Opuntia polyacantha Haw.
Plains Prickly Pear, Hair-spine Cactus, Hairy Prickly Pear, Panhandle Prickly Pear, Starvation Prickly Pear, El Paso Prickly Pear, Grizzly-bear Prickly Pear, Navajo Bridge Prickly Pear
Opuntia arenaria, Opuntia erinacea var. rhodantha, Opuntia heacockiae, Opuntia heacockul, Opuntia missouriensis, Opuntia polyacantha var. arenaria, Opuntia rhodantha, Opuntia rutila, Tunas polyacantha
Opuntia polyacantha is a shrubby cactus with spiny oval green pads growing one atop the other. It grows up to 16 inches (40 cm) tall with a spread of 10 feet (3 m). The pads are up to 10 inches (25 cm) long and up to 7 inches (17.5 cm) wide. Areoles are tipped with woolly brown fibers and glochids. Many of the areoles have spines that vary in size and shape. Flowers are yellow to magenta, up to 1.6 inches (4 cm) in diameter, and appear in early summer. Fruits are cylindrical, brownish, and have short, stout spines.

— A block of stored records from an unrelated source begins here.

(* There exists $n_0$ such that for every $n\ge n_0$, \[\mathrm{ex}(n,T_1,C_4)=\mathcal{N}(T_1,F(n))=\begin{cases}\binom{n}{2}-\frac{3(n-1)}{2} & \text{if } n \text{ is odd},\\[2pt] \binom{n}{2}-2n+3 & \text{if } n \text{ is even}.\end{cases}\]
   Context: $T_1$ (the paw) is the graph on $4$ vertices consisting of a triangle and one further vertex joined to exactly one vertex of the triangle. $C_4$ is the cycle on $4$ vertices. $F(n)$ is the friendship graph on $n$ vertices: it has a vertex $v$ of degree $n-1$, and on the remaining $n-1$ vertices a matching with $\lfloor (n-1)/2\rfloor$ edges (and no other edges). For graphs $H,G$, $\mathcal{N}(H,G)$ is the number of subgraphs of $G$ isomorphic to $H$, and $\mathrm{ex}(n,H,F)$ is the maximum of $\mathcal{N}(H,G)$ over $F$-free graphs $G$ on $n$ vertices. *)

theory Defs
  imports Main
begin

type_synonym 'a graph = "'a set \<times> 'a set set"

definition simple_graph :: "'a graph \<Rightarrow> bool" where
  "simple_graph G \<longleftrightarrow> finite (fst G) \<and>
     (\<forall>e\<in>snd G. \<exists>u v. e = {u, v} \<and> u \<noteq> v \<and> u \<in> fst G \<and> v \<in> fst G)"

definition graph_iso :: "'a graph \<Rightarrow> 'b graph \<Rightarrow> bool" where
  "graph_iso H G \<longleftrightarrow> (\<exists>f. bij_betw f (fst H) (fst G) \<and> (\<lambda>e. f ` e) ` snd H = snd G)"

definition subgraphs :: "'a graph \<Rightarrow> 'a graph set" where
  "subgraphs G = {(V', E'). V' \<subseteq> fst G \<and> E' \<subseteq> snd G \<and> (\<forall>e\<in>E'. e \<subseteq> V')}"

definition count_sub :: "'b graph \<Rightarrow> 'a graph \<Rightarrow> nat" where
  "count_sub H G = card {S \<in> subgraphs G. graph_iso H S}"

text \<open>Graphs on n vertices (vertex set fixed to {0..<n}; isomorphism invariant).\<close>
definition graphs_on :: "nat \<Rightarrow> nat graph set" where
  "graphs_on n = {G. fst G = {0..<n} \<and> simple_graph G}"

definition free :: "'b graph \<Rightarrow> 'a graph \<Rightarrow> bool" where
  "free F G \<longleftrightarrow> count_sub F G = 0"

definition ex_gen :: "nat \<Rightarrow> 'a graph \<Rightarrow> 'b graph \<Rightarrow> nat" where
  "ex_gen n H F = Max {count_sub H G | G. G \<in> graphs_on n \<and> free F G}"

text \<open>The paw T_1: triangle 0,1,2 plus vertex 3 joined to 2.\<close>
definition paw :: "nat graph" where
  "paw = ({0,1,2,3}, {{0,1},{1,2},{0,2},{2,3}})"

definition C4 :: "nat graph" where
  "C4 = ({0,1,2,3}, {{0,1},{1,2},{2,3},{3,0}})"

definition friendship :: "nat \<Rightarrow> nat graph" where
  "friendship n = ({0..<n},
     {{0, v} | v. 1 \<le> v \<and> v < n} \<union>
     {{2*i - 1, 2*i} | i. 1 \<le> i \<and> i \<le> (n - 1) div 2})"

end

theory Submission
  imports Defs
begin

(* In a C4-free graph two distinct vertices have at most one common neighbour.  Counting each
   paw by its triangle (a, b, c) and the pendant edge c e gives twice the paw count as
   \<Sum>c m(c) (d(c) - 2), where m(c) is the number of ordered edges inside the neighbourhood of c;
   m(c) is even and at most d(c).  If all degrees are below 8 the count is linear in n.  Otherwise
   pick x of degree D \<ge> 8 and let k = n - 1 - D be the number of its non-neighbours.  The term of x
   is at most m(x) (D - 2); the remaining terms are controlled by double counting pairs of vertices
   with a common neighbour other than x, each of which has only one such neighbour, and they sum to
   at most D k + k^2 + 2 k.  This totals at most 2 floor((n-1)/2) (n - 3), with equality for the
   friendship graph, in which only the centre has degree above 2. *)

lemma card_eq_mult_card_image:
  assumes "finite A" and "\<And>x. x \<in> A \<Longrightarrow> card {y \<in> A. f y = f x} = k"
  shows "card A = k * card (f ` A)"
proof -
  have "\<And>x. x \<in> A \<Longrightarrow> {z \<in> f ` A. f x = z} = {f x}"
    by auto
  then have "card A = (\<Sum>x\<in>A. card {z \<in> f ` A. f x = z})"
    by simp
  also have "\<dots> = k * card (f ` A)"
    using assms by (intro sum_multicount) auto
  finally show ?thesis .
qed

lemma card_off_diagonal:
  assumes "finite S"
  shows "card {(u, w). u \<in> S \<and> w \<in> S \<and> u \<noteq> w} = card S * (card S - 1)"
proof -
  have "{(u, w). u \<in> S \<and> w \<in> S \<and> u \<noteq> w} = S \<times> S - (\<lambda>u. (u, u)) ` S"
    by auto
  moreover have "card ((\<lambda>u. (u, u)) ` S) = card S"
    by (simp add: card_image inj_on_def)
  ultimately show ?thesis
    using assms card_Diff_subset[of "(\<lambda>u. (u, u)) ` S" "S \<times> S"]
    by (simp add: card_cartesian_product diff_mult_distrib2 image_subset_iff)
qed

lemma paw_bound_arith:
  fixes D k m s :: nat
  assumes "even m" "m \<le> D" "8 \<le> D"
    and "s \<le> D * k + k * k + 2 * k" and "k = 1 \<Longrightarrow> s \<le> 5"
  shows "m * (D - 2) + s \<le> 2 * ((D + k) div 2) * (D + k - 2)"
proof -
  have "m * (D - 2) \<le> D * (D - 2)"
    using assms(2) by (rule mult_right_mono) simp
  consider "k = 0" | "k = 1" | "k \<ge> 2"
    by linarith
  then show ?thesis
  proof cases
    case 1
    with assms have "m \<le> 2 * (D div 2)"
      by (auto elim!: evenE)
    then show ?thesis
      using 1 assms(4) by (simp add: mult_right_mono)
  next
    case 2
    obtain d where "D = d + 8"
      using assms(3) le_Suc_ex by (metis add.commute)
    then have "D * (D - 2) + 5 \<le> D * (D - 1)"
      by (simp add: algebra_simps)
    also have "\<dots> \<le> 2 * ((D + 1) div 2) * (D - 1)"
      by (intro mult_right_mono) linarith+
    finally have "m * (D - 2) + s \<le> 2 * ((D + 1) div 2) * (D - 1)"
      using 2 assms(5) \<open>m * (D - 2) \<le> D * (D - 2)\<close> by linarith
    then show ?thesis
      using 2 by simp
  next
    case 3
    obtain d j where "D = d + 8" "k = j + 2"
      using assms(3) 3 le_Suc_ex by (metis add.commute)
    moreover have "D + k - 1 \<le> 2 * ((D + k) div 2)"
      by linarith
    ultimately have "(D + k - 1) * (D + k - 2) \<le> 2 * ((D + k) div 2) * (D + k - 2)"
      by (intro mult_right_mono) auto
    moreover have "D * (D - 2) + D * k + k * k + 2 * k \<le> (D + k - 1) * (D + k - 2)"
      using \<open>D = d + 8\<close> \<open>k = j + 2\<close> by (simp add: algebra_simps)
    ultimately show ?thesis
      using assms(4) \<open>m * (D - 2) \<le> D * (D - 2)\<close> by linarith
  qed
qed

section \<open>Paws in C4-free graphs\<close>

text \<open>A tuple \<open>(a, b, c, e)\<close> is a triangle \<open>abc\<close> with pendant edge \<open>ce\<close>; each paw arises from
  exactly the two tuples that differ by swapping \<open>a\<close> and \<open>b\<close>.\<close>

definition ordered_paws :: "('a \<Rightarrow> 'a \<Rightarrow> bool) \<Rightarrow> ('a \<times> 'a \<times> 'a \<times> 'a) set" where
  "ordered_paws adj = {(a, b, c, e). adj a b \<and> adj b c \<and> adj a c \<and> adj c e \<and> e \<noteq> a \<and> e \<noteq> b}"

locale c4_free_graph =
  fixes V :: "'a set" and adj :: "'a \<Rightarrow> 'a \<Rightarrow> bool"
  assumes finite_V: "finite V"
    and adj_in_V: "adj u v \<Longrightarrow> u \<in> V \<and> v \<in> V"
    and adj_sym: "adj u v \<Longrightarrow> adj v u"
    and adj_irrefl: "\<not> adj u u"
    and no_C4: "adj a b \<Longrightarrow> adj b c \<Longrightarrow> adj c d \<Longrightarrow> adj d a \<Longrightarrow> a = c \<or> b = d"
begin

lemma common_nbr_unique:
  assumes "adj u c" "adj w c" "adj u c'" "adj w c'" "u \<noteq> w"
  shows "c = c'"
  using no_C4[of u c w c'] assms adj_sym by blast

definition nbrs :: "'a \<Rightarrow> 'a set" where
  "nbrs c = {v. adj c v}"

abbreviation deg :: "'a \<Rightarrow> nat" where
  "deg c \<equiv> card (nbrs c)"

lemma nbrs_subset: "nbrs c \<subseteq> V"
  using adj_in_V by (auto simp: nbrs_def)

lemma finite_nbrs: "finite (nbrs c)"
  using nbrs_subset finite_V by (rule finite_subset)

definition nbhd_edges :: "'a \<Rightarrow> ('a \<times> 'a) set" where
  "nbhd_edges c = {(a, b). adj c a \<and> adj c b \<and> adj a b}"

lemma nbhd_edges_subset: "nbhd_edges c \<subseteq> nbrs c \<times> nbrs c"
  by (auto simp: nbhd_edges_def nbrs_def)

lemma finite_nbhd_edges: "finite (nbhd_edges c)"
  by (rule finite_subset[OF nbhd_edges_subset]) (simp add: finite_nbrs)

lemma card_ordered_paws:
  "card (ordered_paws adj) = (\<Sum>c\<in>V. card (nbhd_edges c) * (deg c - 2))"
proof -
  let ?pendants = "\<lambda>c. Sigma (nbhd_edges c) (\<lambda>(a, b). nbrs c - {a, b})"
  let ?f = "\<lambda>(c, (a, b), e). (a, b, c, e)"
  have card_pendants: "card (?pendants c) = card (nbhd_edges c) * (deg c - 2)" for c
  proof -
    have "card (nbrs c - {a, b}) = deg c - 2" if "(a, b) \<in> nbhd_edges c" for a b
    proof -
      have "a \<noteq> b" "{a, b} \<subseteq> nbrs c"
        using that adj_irrefl by (auto simp: nbhd_edges_def nbrs_def)
      then show ?thesis
        using finite_nbrs by (simp add: card_Diff_subset)
    qed
    then show ?thesis
      using finite_nbhd_edges finite_nbrs by (simp add: card_SigmaI split_beta)
  qed
  have "ordered_paws adj = ?f ` Sigma V ?pendants"
    using adj_in_V adj_sym
    by (auto simp: ordered_paws_def nbhd_edges_def nbrs_def image_iff)
  moreover have "inj_on ?f (Sigma V ?pendants)"
    by (intro inj_onI) (auto split: prod.splits)
  ultimately have "card (ordered_paws adj) = card (Sigma V ?pendants)"
    by (simp add: card_image)
  also have "\<dots> = (\<Sum>c\<in>V. card (?pendants c))"
    using finite_V finite_nbhd_edges finite_nbrs by (intro card_SigmaI) auto
  finally show ?thesis
    by (simp add: card_pendants)
qed

lemma inj_on_fst_nbhd_edges: "inj_on fst (nbhd_edges c)"
proof (rule inj_onI)
  fix p q
  assume "p \<in> nbhd_edges c" "q \<in> nbhd_edges c" "fst p = fst q"
  then obtain a b b' where "p = (a, b)" "q = (a, b')"
    and "adj c a" "adj c b" "adj a b" "adj c b'" "adj a b'"
    by (auto simp: nbhd_edges_def)
  moreover have "a \<noteq> c"
    using adj_irrefl \<open>adj c a\<close> by blast
  ultimately show "p = q"
    using common_nbr_unique[of a b c b'] by simp
qed

lemma card_fst_nbhd_edges: "card (fst ` nbhd_edges c) = card (nbhd_edges c)"
  using inj_on_fst_nbhd_edges by (rule card_image)

lemma fst_nbhd_edges_subset: "fst ` nbhd_edges c \<subseteq> nbrs c"
  using nbhd_edges_subset by force

lemma card_nbhd_edges_le: "card (nbhd_edges c) \<le> deg c"
  using card_mono[OF finite_nbrs fst_nbhd_edges_subset] by (simp add: card_fst_nbhd_edges)

lemma even_card_nbhd_edges: "even (card (nbhd_edges c))"
proof -
  let ?edge = "\<lambda>(a, b). {a, b}"
  have fibre: "card {q \<in> nbhd_edges c. ?edge q = ?edge p} = 2" if p_edge: "p \<in> nbhd_edges c" for p
  proof -
    obtain a b where p: "p = (a, b)" and "adj c a" "adj c b" "adj a b"
      using p_edge by (cases p) (simp add: nbhd_edges_def)
    then have "{q \<in> nbhd_edges c. ?edge q = ?edge p} = {(a, b), (b, a)}"
      using adj_sym by (auto simp: nbhd_edges_def doubleton_eq_iff)
    moreover have "a \<noteq> b"
      using \<open>adj a b\<close> adj_irrefl by blast
    ultimately show ?thesis
      by simp
  qed
  have "card (nbhd_edges c) = 2 * card (?edge ` nbhd_edges c)"
    using finite_nbhd_edges fibre by (rule card_eq_mult_card_image)
  then show ?thesis
    by simp
qed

USDA hardiness zones 3b to 9b: from −40 °F (−40 °C) to 30 °F (−1.1 °C).
How to Grow and Care
Though the large variety of species within the Opuntia genus means different Prickly Pears may need slightly different care. All are desert cacti that need lots of sun, light, and very little water. So if you live in a hot, arid area, these plants can generally be planted outside, left alone, and enjoyed.
These cacti will grow just fine in a garden, but they can also be grown in pots. To repot, ensure the soil is dry, remove the pot and knock away the old soil. After treating any cuts with fungicide, place the cactus in a new pot and backfill it with potting soil. As with a new cutting, make sure not to water a newly repotting Prickly Pear for a brief period to avoid rotting its roots.
Opuntia can propagate either by cuttings or by seed. To propagate by cuttings, sever pads from a plant and let them dry so that the wounds heal. Then place the plants in dry soil and refrain from watering them until they begin to grow to avoid rotting them.